Charges Being Upgraded in Dog Starvation Case

WINNSBORO – Charges against a woman accused of starving her pit bull to the point that the County was forced to euthanize the animal are in the process of being upgraded, the Sixth Circuit Solicitor’s Office said this week.

Katera Latrice Alexander, 28, of Forest Hills Drive turned herself over to police on Jan. 29. She was initially charged with a misdemeanor of cruelty to animals, first offense. Alexander was later released on a $1,000 personal recognizance bond and was scheduled to stand trial in Municipal Court at 11 a.m. on Feb. 20.

But the Solicitor’s Office said Monday that the charge against Alexander will be upgraded to a felony and the trial will be moved to General Sessions Court. A time and date for the trial had not been scheduled at press time.

Under the lesser charge, Alexander faced the potential of not more than 60 days in jail or a fine of not less than $100 and not more than $500, or both, if convicted. Under the felony charge, however, Alexander could face jail time of between 180 days and five years, and a fine of $5,000 if convicted.

According to Chapter A of the state’s ill-treatment to animals statute, “Whoever knowingly or intentionally overloads, overdrives, overworks, ill- treats any animal, deprives any animal of necessary sustenance or shelter, inflicts unnecessary pain or suffering upon any animal, or by omission or commission knowingly or intentionally causes these things to be done, for every offense is guilty of a misdemeanor . . .”
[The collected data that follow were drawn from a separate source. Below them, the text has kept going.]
(* Let $c>1$ and let $m\ge cn$. Then there exists a constant $d>0$ such that, for all sufficiently large $n$ and every fixed matrix $\mathbf B\in\mathbb{Z}_2^{m\times 2n}$, $H(\mathbf B\mathbf A)\le(1-d)mn$, where $\mathbf A\in\mathbb{Z}_2^{2n\times n}$ is a uniformly random full-rank isotropic matrix and $H$ denotes Shannon entropy (in bits).
   Context: Symplectic inner product on $\mathbb{Z}_2^{2n}$: $(\mathbf a,\mathbf b)\odot(\mathbf a',\mathbf b')=\mathbf a\cdot\mathbf b'+\mathbf a'\cdot\mathbf b\pmod2$. A uniformly random full-rank isotropic matrix in $\mathbb{Z}_2^{2n\times n}$ is uniform among matrices of column rank $n$ whose columns are pairwise symplectically orthogonal. *)

theory Defs
  imports Complex_Main "HOL-Library.Z2"
begin

text \<open>Matrices over Z_2 of size r x c are represented as functions nat => nat => bit
  that vanish outside the index range {0..<r} x {0..<c}.\<close>

definition mats :: "nat \<Rightarrow> nat \<Rightarrow> (nat \<Rightarrow> nat \<Rightarrow> bit) set" where
  "mats r c = {M. \<forall>i j. (i \<ge> r \<or> j \<ge> c) \<longrightarrow> M i j = 0}"

definition matmul :: "nat \<Rightarrow> nat \<Rightarrow> nat \<Rightarrow> (nat \<Rightarrow> nat \<Rightarrow> bit) \<Rightarrow> (nat \<Rightarrow> nat \<Rightarrow> bit) \<Rightarrow> (nat \<Rightarrow> nat \<Rightarrow> bit)" where
  "matmul r k c B A = (\<lambda>i j. if i < r \<and> j < c then (\<Sum>l<k. B i l * A l j) else 0)"

definition symp_col :: "nat \<Rightarrow> (nat \<Rightarrow> nat \<Rightarrow> bit) \<Rightarrow> nat \<Rightarrow> nat \<Rightarrow> bit" where
  "symp_col n A j j' = (\<Sum>i<n. A i j * A (n + i) j' + A i j' * A (n + i) j)"

definition full_col_rank :: "nat \<Rightarrow> nat \<Rightarrow> (nat \<Rightarrow> nat \<Rightarrow> bit) \<Rightarrow> bool" where
  "full_col_rank r c A = (\<forall>x :: nat \<Rightarrow> bit.
      (\<forall>i<r. (\<Sum>j<c. A i j * x j) = 0) \<longrightarrow> (\<forall>j<c. x j = 0))"

definition iso_mats :: "nat \<Rightarrow> (nat \<Rightarrow> nat \<Rightarrow> bit) set" where
  "iso_mats n = {A \<in> mats (2*n) n. full_col_rank (2*n) n A \<and>
                   (\<forall>j<n. \<forall>j'<n. symp_col n A j j' = 0)}"
lemma hsp_feasible_weak_duality:
  assumes "finite V" and "hsp_feasible V C D f" and "diversity V \<delta>"
  shows "f * dotp V D \<delta> \<le> dotp V C \<delta>"
proof -
  obtain z where z0: "\<forall>S\<in>Pow V. \<forall>t\<in>trees V S. 0 \<le> z t S"
    and cap: "\<forall>R\<in>Pow V. (\<Sum>S\<in>Pow V. \<Sum>t\<in>{t\<in>trees V S. R \<in> t}. z t S) \<le> C R"
    and dem: "\<forall>S\<in>Pow V. (\<Sum>t\<in>trees V S. z t S) = f * D S"
    using assms(2) unfolding hsp_feasible_def by blast
  have fin: "finite (trees V S)" for S using finite_trees[OF assms(1)] .
  have "f * dotp V D \<delta> = (\<Sum>S\<in>Pow V. \<Sum>t\<in>trees V S. z t S * \<delta> S)"
    unfolding dotp_def sum_distrib_left using dem
    by (intro sum.cong refl) (simp add: sum_distrib_right[symmetric] mult.assoc)
  also have "\<dots> \<le> (\<Sum>S\<in>Pow V. \<Sum>t\<in>trees V S. z t S * (\<Sum>R\<in>t. \<delta> R))"
    using z0 assms(1,3)
    by (intro sum_mono mult_left_mono diversity_le_sum_tree)
      (auto simp: trees_subset_Pow trees_conn_contains)
  also have "\<dots> = (\<Sum>S\<in>Pow V. \<Sum>t\<in>trees V S. \<Sum>R\<in>Pow V. if R \<in> t then z t S * \<delta> R else 0)"
    using assms(1)
    by (intro sum.cong refl) (simp add: sum_subset_if[OF _ trees_subset_Pow] sum_distrib_left
        if_distrib cong: if_cong)
  also have "\<dots> = (\<Sum>R\<in>Pow V. \<Sum>S\<in>Pow V. \<Sum>t\<in>trees V S. if R \<in> t then z t S * \<delta> R else 0)"
    by (subst sum.swap) (simp add: sum.swap[of _ "trees V _"])
  also have "\<dots> = (\<Sum>R\<in>Pow V. \<delta> R * (\<Sum>S\<in>Pow V. \<Sum>t\<in>{t\<in>trees V S. R \<in> t}. z t S))"
    by (intro sum.cong refl)
      (simp add: sum.inter_filter[OF fin] sum_distrib_left mult.commute if_distrib cong: if_cong)
  also have "\<dots> \<le> (\<Sum>R\<in>Pow V. \<delta> R * C R)"
    using cap diversity_nonneg[OF assms(3)] by (intro sum_mono mult_left_mono) auto
  also have "\<dots> = dotp V C \<delta>" unfolding dotp_def by (simp add: mult.commute)
  finally show ?thesis .
qed

text \<open>The witness is the flow rescaled by 1 / \<mu>, or by \<rho> + 1 if \<mu> = 0 (it then uses no capacity).\<close>

lemma hsp_feasible_of_scaled_flow:
  assumes "finite V" and "\<forall>R\<subseteq>V. 0 \<le> C R" and "0 \<le> \<rho>" and "0 \<le> \<mu>"
    and z0: "\<forall>S\<in>Pow V. \<forall>t\<in>trees V S. t \<subseteq> E \<longrightarrow> 0 \<le> z t S"
    and cap: "\<forall>R\<in>E. (\<Sum>S\<in>Pow V. \<Sum>t\<in>{t\<in>trees V S. t \<subseteq> E}. if R \<in> t then z t S else 0) \<le> \<mu> * C R"
    and dem: "\<forall>S\<in>Pow V. (\<Sum>t\<in>{t\<in>trees V S. t \<subseteq> E}. z t S) = (1 + \<mu> * \<rho>) * D S"
  shows "\<exists>f>\<rho>. hsp_feasible V C D f"
proof -
  define c where "c = (if 0 < \<mu> then 1 / \<mu> else \<rho> + 1)"
  have "0 \<le> c" and "c * \<mu> \<le> 1" and "\<rho> < c * (1 + \<mu> * \<rho>)"
    unfolding c_def using assms(3,4) by (auto simp: field_simps)
  define z' where "z' t S = (if t \<subseteq> E then c * z t S else 0)" for t S
  have fin: "finite (trees V S)" for S using finite_trees[OF assms(1)] .
  have "hsp_feasible V C D (c * (1 + \<mu> * \<rho>))"
    unfolding hsp_feasible_def
  proof (intro exI[of _ z'] conjI ballI)
    fix S t assume "S \<in> Pow V" "t \<in> trees V S"
    then show "0 \<le> z' t S" unfolding z'_def using z0 \<open>0 \<le> c\<close> by simp
  next
    fix R assume "R \<in> Pow V"
    have "(\<Sum>S\<in>Pow V. \<Sum>t\<in>{t\<in>trees V S. R \<in> t}. z' t S)
        = c * (\<Sum>S\<in>Pow V. \<Sum>t\<in>{t\<in>trees V S. t \<subseteq> E}. if R \<in> t then z t S else 0)"
    proof -
      have "(\<Sum>t\<in>{t\<in>trees V S. R \<in> t}. z' t S)
          = c * (\<Sum>t\<in>{t\<in>trees V S. t \<subseteq> E}. if R \<in> t then z t S else 0)" for S
        unfolding z'_def by (auto simp: sum.inter_filter[OF fin] sum_distrib_left intro!: sum.cong)
      then show ?thesis by (simp add: sum_distrib_left)
    qed
    also have "\<dots> \<le> C R"
    proof (cases "R \<in> E")
      case True
      then have "c * (\<Sum>S\<in>Pow V. \<Sum>t\<in>{t\<in>trees V S. t \<subseteq> E}. if R \<in> t then z t S else 0) \<le> (c * \<mu>) * C R"
        using cap \<open>0 \<le> c\<close> by (simp add: mult_left_mono mult.assoc)
      also have "\<dots> \<le> C R"
        using mult_right_mono[OF \<open>c * \<mu> \<le> 1\<close>, of "C R"] assms(2) \<open>R \<in> Pow V\<close> by simp
      finally show ?thesis .
    next
      case False
      then have "(\<Sum>S\<in>Pow V. \<Sum>t\<in>{t\<in>trees V S. t \<subseteq> E}. if R \<in> t then z t S else 0) = 0"
        by (intro sum.neutral ballI) auto
      then show ?thesis using assms(2) \<open>R \<in> Pow V\<close> by simp
    qed
    finally show "(\<Sum>S\<in>Pow V. \<Sum>t\<in>{t\<in>trees V S. R \<in> t}. z' t S) \<le> C R" .
  next
    fix S assume "S \<in> Pow V"
    then show "(\<Sum>t\<in>trees V S. z' t S) = c * (1 + \<mu> * \<rho>) * D S"
      using dem unfolding z'_def
      by (simp add: sum.inter_filter[OF fin, symmetric] sum_distrib_left[symmetric])
  qed
  then show ?thesis using \<open>\<rho> < c * (1 + \<mu> * \<rho>)\<close> by blast
qed

lemma steiner_flow_alternative:
  fixes C D :: "'a set \<Rightarrow> real" and \<rho> :: real
  assumes "finite V" and "E \<subseteq> Pow V"
  shows "(\<exists>\<mu> z. 0 \<le> \<mu> \<and> (\<forall>S\<in>Pow V. \<forall>t\<in>trees V S. t \<subseteq> E \<longrightarrow> 0 \<le> z t S)
            \<and> (\<forall>R\<in>E. (\<Sum>S\<in>Pow V. \<Sum>t\<in>{t\<in>trees V S. t \<subseteq> E}. if R \<in> t then z t S else 0) \<le> \<mu> * C R)
            \<and> (\<forall>S\<in>Pow V. (\<Sum>t\<in>{t\<in>trees V S. t \<subseteq> E}. z t S) = (1 + \<mu> * \<rho>) * D S))
       \<or> (\<exists>y d. (\<forall>R\<in>E. 0 \<le> y R) \<and> (\<forall>S\<in>Pow V. \<forall>t\<in>trees V S. t \<subseteq> E \<longrightarrow> d S \<le> (\<Sum>R\<in>t. y R))
            \<and> (\<Sum>R\<in>E. C R * y R) \<le> \<rho> * (\<Sum>S\<in>Pow V. D S * d S) \<and> 0 < (\<Sum>S\<in>Pow V. D S * d S))"
proof -
  define P where "P = Sigma (Pow V) (\<lambda>S. {t\<in>trees V S. t \<subseteq> E})"
  define J where "J = insert None (Some ` P)"
  define K where "K = E <+> Pow V"
  \<comment> \<open>Column None carries the scaling variable \<mu>, column Some (S, t) the flow along t for S;
      rows Inl R are the capacity constraints, rows Inr S the demand constraints.\<close>
  define a where "a j k = (case (j, k) of
      (None, Inl R) \<Rightarrow> - C R
    | (None, Inr S) \<Rightarrow> - \<rho> * D S
    | (Some (S, t), Inl R) \<Rightarrow> if R \<in> t then 1 else 0
    | (Some (S, t), Inr S') \<Rightarrow> if S' = S then 1 else 0)" for j k
  define b where "b k = (case k of Inl R \<Rightarrow> 0 | Inr S \<Rightarrow> D S)" for k :: "'a set + 'a set"
  have "finite E" using finite_subset[OF assms(2)] assms(1) by simp
  have fin_trees: "finite {t\<in>trees V S. t \<subseteq> E}" for S using finite_trees[OF assms(1)] by simp
  then have "finite P" unfolding P_def using assms(1) by simp
  have sumJ: "(\<Sum>j\<in>J. g j) = g None + (\<Sum>p\<in>P. g (Some p))" for g :: "_ \<Rightarrow> real"
    unfolding J_def using \<open>finite P\<close> by (simp add: sum.reindex)
  have sumK: "(\<Sum>k\<in>K. g k) = (\<Sum>R\<in>E. g (Inl R)) + (\<Sum>S\<in>Pow V. g (Inr S))" for g :: "_ \<Rightarrow> real"
    unfolding K_def using \<open>finite E\<close> assms(1) by (simp add: sum.Plus comp_def)
  have sumP: "(\<Sum>p\<in>P. g p) = (\<Sum>S\<in>Pow V. \<Sum>t\<in>{t\<in>trees V S. t \<subseteq> E}. g (S, t))" for g :: "_ \<Rightarrow> real"
    unfolding P_def using assms(1) fin_trees by (simp add: sum.Sigma)
  have "finite K" "finite J" "Inl ` E \<subseteq> K"
    unfolding K_def J_def using \<open>finite E\<close> assms(1) \<open>finite P\<close> by auto
  from farkas_lemma_mixed[OF this, of a b] show ?thesis
  proof
    assume "\<exists>l. (\<forall>j\<in>J. 0 \<le> l j) \<and> (\<forall>k\<in>Inl ` E. (\<Sum>j\<in>J. l j * a j k) \<le> b k)
              \<and> (\<forall>k\<in>K - Inl ` E. (\<Sum>j\<in>J. l j * a j k) = b k)"
    then obtain l where l0: "\<forall>j\<in>J. 0 \<le> l j"
      and cap: "\<forall>k\<in>Inl ` E. (\<Sum>j\<in>J. l j * a j k) \<le> b k"
      and dem: "\<forall>k\<in>K - Inl ` E. (\<Sum>j\<in>J. l j * a j k) = b k" by blast
    define z where "z t S = l (Some (S, t))" for t S
    have "(\<Sum>S\<in>Pow V. \<Sum>t\<in>{t\<in>trees V S. t \<subseteq> E}. if R \<in> t then z t S else 0) \<le> l None * C R"
      if "R \<in> E" for R
      using cap that unfolding sumJ sumP by (simp add: a_def b_def z_def if_distrib cong: if_cong)
    moreover have "(\<Sum>t\<in>{t\<in>trees V S. t \<subseteq> E}. z t S) = (1 + l None * \<rho>) * D S"
      if "S \<in> Pow V" for S
    proof -
      have "(\<Sum>S'\<in>Pow V. \<Sum>t\<in>{t\<in>trees V S'. t \<subseteq> E}. if S = S' then z t S' else 0)
          = (\<Sum>S'\<in>Pow V. if S = S' then (\<Sum>t\<in>{t\<in>trees V S'. t \<subseteq> E}. z t S') else 0)"
        by (intro sum.cong) auto
      also have "\<dots> = (\<Sum>t\<in>{t\<in>trees V S. t \<subseteq> E}. z t S)"
        using that assms(1) by simp
      moreover have "Inr S \<in> K - Inl ` E" using that unfolding K_def by auto
      ultimately show ?thesis
        using dem unfolding sumJ sumP
        by (force simp: a_def b_def z_def if_distrib algebra_simps cong: if_cong)
    qed
    moreover have "0 \<le> l None" "\<forall>S\<in>Pow V. \<forall>t\<in>trees V S. t \<subseteq> E \<longrightarrow> 0 \<le> z t S"
      using l0 unfolding J_def P_def z_def by auto
    ultimately show ?thesis by blast
  next
    assume "\<exists>x. (\<forall>k\<in>Inl ` E. 0 \<le> x k) \<and> (\<forall>j\<in>J. 0 \<le> (\<Sum>k\<in>K. a j k * x k))
              \<and> (\<Sum>k\<in>K. b k * x k) < 0"
    then obtain x where x0: "\<forall>k\<in>Inl ` E. 0 \<le> x k"
      and xa: "\<forall>j\<in>J. 0 \<le> (\<Sum>k\<in>K. a j k * x k)" and xb: "(\<Sum>k\<in>K. b k * x k) < 0" by blast
    define y where "y R = x (Inl R)" for R
    define d where "d S = - x (Inr S)" for S
    have "d S \<le> (\<Sum>R\<in>t. y R)" if "S \<in> Pow V" "t \<in> trees V S" "t \<subseteq> E" for S t
    proof -
      have "Some (S, t) \<in> J" using that unfolding J_def P_def by auto
      then have "0 \<le> (\<Sum>k\<in>K. a (Some (S, t)) k * x k)" using xa by blast
      moreover have "(\<Sum>R\<in>E. if R \<in> t then y R else 0) = (\<Sum>R\<in>t. y R)"
        using sum_subset_if[OF \<open>finite E\<close> that(3), of y] by simp
      ultimately show ?thesis
        using that(1) assms(1) unfolding sumK
        by (simp add: a_def y_def d_def if_distrib[of "\<lambda>c. c * _"] cong: if_cong)
    qed
    moreover have "(\<Sum>R\<in>E. C R * y R) \<le> \<rho> * (\<Sum>S\<in>Pow V. D S * d S)"
    proof -
      have "0 \<le> (\<Sum>k\<in>K. a None k * x k)" using xa unfolding J_def by blast
      then show ?thesis unfolding sumK
        by (simp add: a_def y_def d_def sum_negf sum_distrib_left mult.assoc)
    qed
    moreover have "0 < (\<Sum>S\<in>Pow V. D S * d S)"
      using xb unfolding sumK by (simp add: b_def d_def sum_negf)
    moreover have "\<forall>R\<in>E. 0 \<le> y R" using x0 unfolding y_def by simp
    ultimately show ?thesis by (intro disjI2 exI[of _ y] exI[of _ d] conjI) auto
  qed
qed

lemma supported_diversity_of_dual:
  assumes "finite V" and "E \<subseteq> Pow V" and "\<forall>R\<subseteq>V. 0 \<le> C R" and "\<forall>R\<in>Pow V - E. C R = 0"
    and "\<forall>S\<subseteq>V. 0 \<le> D S" and "0 \<le> \<rho>"
    and y0: "\<forall>R\<in>E. 0 \<le> y R"
    and tree: "\<forall>S\<in>Pow V. \<forall>t\<in>trees V S. t \<subseteq> E \<longrightarrow> d S \<le> (\<Sum>R\<in>t. y R)"
    and obj: "(\<Sum>R\<in>E. C R * y R) \<le> \<rho> * (\<Sum>S\<in>Pow V. D S * d S)"
    and pos: "0 < (\<Sum>S\<in>Pow V. D S * d S)"
  shows "\<exists>\<delta>. diversity V \<delta> \<and> 0 < dotp V D \<delta> \<and> dotp V C \<delta> \<le> \<rho> * dotp V D \<delta>
             \<and> supported_on V E \<delta>"
proof -
  have "finite E" using finite_subset[OF assms(2)] assms(1) by simp
  define M where "M = (\<Sum>R\<in>E. y R) + (\<Sum>S\<in>Pow V. \<bar>d S\<bar>)"
  define \<delta> where "\<delta> = steiner_div E y M"
  have "0 \<le> (\<Sum>R\<in>E. y R)" using y0 by (simp add: sum_nonneg)
  then have "d S \<le> M" if "S \<in> Pow V" for S
    unfolding M_def using that assms(1) member_le_sum[of S "Pow V" "\<lambda>S. \<bar>d S\<bar>"] by simp
  then have d_le: "d S \<le> \<delta> S" if "S \<in> Pow V" for S
    unfolding \<delta>_def using that assms(1,2) y0 tree by (intro tree_bound_le_steiner_div) auto
  have "(\<Sum>S\<in>Pow V. D S * d S) \<le> dotp V D \<delta>"
    unfolding dotp_def using assms(5) d_le by (intro sum_mono mult_left_mono) auto
  moreover have "dotp V C \<delta> = (\<Sum>R\<in>E. C R * \<delta> R)"
    unfolding dotp_def using assms(1,2,4) by (intro sum.mono_neutral_right) auto
  moreover have "(\<Sum>R\<in>E. C R * \<delta> R) \<le> (\<Sum>R\<in>E. C R * y R)"
    unfolding \<delta>_def using assms(2,3) steiner_div_le_weight[OF \<open>finite E\<close>]
    by (intro sum_mono mult_left_mono) auto
  ultimately have "0 < dotp V D \<delta>" and "dotp V C \<delta> \<le> \<rho> * dotp V D \<delta>"
    using pos obj mult_left_mono[OF _ \<open>0 \<le> \<rho>\<close>] by (auto intro: order_trans)
  moreover have "diversity V \<delta>"
    unfolding \<delta>_def M_def using assms(1) \<open>finite E\<close> y0 by (intro diversity_steiner_div) auto
  moreover have "supported_on V E \<delta>"
    unfolding \<delta>_def using y0 by (rule supported_on_steiner_div)
  ultimately show ?thesis by blast
qed
(* Each smooth function $K$ that Poisson commutes with $\xi$ and with $y\eta$ in a neighbourhood of a point $(x,y,\xi,\eta)=(x_0,0,0,0)$ is characterised by two smooth function germs $f_+,f_-\in C^\infty(\mathbb R^2,0)$ satisfying $f_-(\xi,t)-f_+(\xi,t)=O(t^\infty)$ locally uniformly in $\xi$, such that $$K(x,y,\xi,\eta)=\begin{cases}f_+(\xi,y\eta)&\text{if }y\ge0,\\ f_-(\xi,y\eta)&\text{if }y<0.\end{cases}$$
   Context: $(x,y,\xi,\eta)$ are canonical coordinates on $T^*\mathbb R^2$ (or on $T^*(S^1\times\mathbb R)$), with Poisson bracket $\{\cdot,\cdot\}$ induced by $d\xi\wedge dx+d\eta\wedge dy$. *)

theory Defs
  imports "HOL-Analysis.Analysis"
begin

fun Ck_on :: "nat \<Rightarrow> ('a::real_normed_vector \<Rightarrow> real) \<Rightarrow> 'a set \<Rightarrow> bool" where
  "Ck_on 0 f S = continuous_on S f"
| "Ck_on (Suc n) f S =
     (\<exists>f'. (\<forall>x\<in>S. (f has_derivative f' x) (at x)) \<and> (\<forall>v. Ck_on n (\<lambda>x. f' x v) S))"

definition smooth_on :: "('a::real_normed_vector \<Rightarrow> real) \<Rightarrow> 'a set \<Rightarrow> bool" where
  "smooth_on f S \<longleftrightarrow> (\<forall>n. Ck_on n f S)"

text \<open>Points of T*R^2 are written (x, y, xi, eta).\<close>
type_synonym phase = "real \<times> real \<times> real \<times> real"

definition dx :: phase where "dx = (1, 0, 0, 0)"
definition dy :: phase where "dy = (0, 1, 0, 0)"
definition dxi :: phase where "dxi = (0, 0, 1, 0)"
definition deta :: phase where "deta = (0, 0, 0, 1)"

text \<open>Poisson bracket induced by d xi /\ dx + d eta /\ dy.\<close>
definition poisson :: "(phase \<Rightarrow> real) \<Rightarrow> (phase \<Rightarrow> real) \<Rightarrow> phase \<Rightarrow> real" where
  "poisson F G p =
     frechet_derivative F (at p) dxi * frechet_derivative G (at p) dx
   - frechet_derivative F (at p) dx * frechet_derivative G (at p) dxi
   + frechet_derivative F (at p) deta * frechet_derivative G (at p) dy
   - frechet_derivative F (at p) dy * frechet_derivative G (at p) deta"

end

theory Submission
  imports Defs
begin

text \<open>
  The Hamiltonian flows of \<open>xi\<close> and \<open>y * eta\<close> are the translations in \<open>x\<close> and the hyperbolic
  flow \<open>(y, eta) \<mapsto> (y * exp \<tau>, eta * exp (- \<tau>))\<close>, and \<open>K\<close> is invariant under both. On a small cube
  around \<open>(x0, 0, 0, 0)\<close> it therefore does not depend on \<open>x\<close>, and on each half \<open>y > 0\<close>,
  \<open>y < 0\<close> it is constant along the hyperbolas \<open>y * eta = t\<close>; so it equals \<open>f\<^sub>\<plusminus>(xi, y * eta)\<close>,
  where \<open>f\<^sub>\<plusminus>\<close> is \<open>K\<close> restricted to the slice \<open>y = \<plusminus>s\<close>. On \<open>y = 0\<close> the invariance extends along
  the axes, giving \<open>f\<^sub>+(xi, 0)\<close>.

  For flatness, \<open>t \<mapsto> K (x0, t / s, xi, s) - f\<^sub>+(xi, t)\<close> is smooth, vanishes for \<open>t > 0\<close> and
  equals \<open>f\<^sub>-(xi, t) - f\<^sub>+(xi, t)\<close> for \<open>t < 0\<close>. Hence all its \<open>t\<close>-derivatives vanish at
  \<open>t = 0\<close>, and Taylor's formula with a bound on the \<open>n\<close>-th derivative that is uniform in \<open>xi\<close>
  (by compactness) gives \<open>\<bar>f\<^sub>- - f\<^sub>+\<bar> \<le> C \<bar>t\<bar>\<^sup>n\<close>; the slice \<open>eta = -s\<close> handles \<open>t > 0\<close>.
\<close>

lemma Ck_on_subset:
  assumes "Ck_on n f S" and "T \<subseteq> S"
  shows "Ck_on n f T"
  using assms
proof (induction n arbitrary: f)
  case 0
  then show ?case by (auto intro: continuous_on_subset)
next
  case (Suc n)
  then obtain f' where "\<forall>x\<in>S. (f has_derivative f' x) (at x)" "\<forall>v. Ck_on n (\<lambda>x. f' x v) S"
    by auto
  with Suc.IH Suc.prems(2) show ?case
    by (intro Ck_on.simps(2)[THEN iffD2] exI[of _ f'] conjI allI ballI) auto
qed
According to Chapter B of the same statute, “Whoever tortures, torments, needlessly mutilates, cruelly kills, or inflicts excessive or repeated unnecessary pain or suffering upon any animal or by omission or commission causes the acts to be done for any of the offenses is guilty of a felony . . .”

On Jan. 13 a Public Safety officer responded to a call of a malnourished dog tied up on the front porch of Alexander’s home. The female pit bull was, according to the incident report, so badly emaciated that vertebrae, ribs and hip bones could be seen pressing through the skin. No food or water was available for the animal. Instead, there was a milk jug containing what appeared to be milk with a layer of grease floating on top.

While Alexander reportedly told the officer that the dog had been ill for more than a month, she said she had not taken the animal to a vet because she could not afford to do so. Because of the dog’s illness, she said, the animal would not eat; however, the dog immediately consumed two packages of crackers offered to her by the officer and drank a large amount of water once the officer filled her bowl.

Worming medication had failed to help the dog, Alexander reportedly told the officer, so the milk and grease was provided as a home remedy. According to the report, the dog had not consumed any of the concoction. Alexander had no food for the dog, the report states, but had been feeding the animal table scraps.

Alexander allowed Fairfield County Animal Control to pick up the dog and take it to the Adoption Center, but according to Bob Innes, Director of Animal Control, the dog’s physical condition was beyond recovery.

“We did all we could,” Innes said. “We had the vet (Dr. Robert Chappell) come out, we gave it medication. We gave her a blood transfusion – her blood count was in terrible shape. When an animal is that malnourished, it affects the internal organs. In the end, we had to put her down.”

The County euthanized the pit bull on Jan. 15. According to Maj. John Seibles, acting Chief of Public Safety, Dr. Chappell’s report that the dog suffered from “obvious animal neglect,” and was “severely anemic” as a result of malnutrition.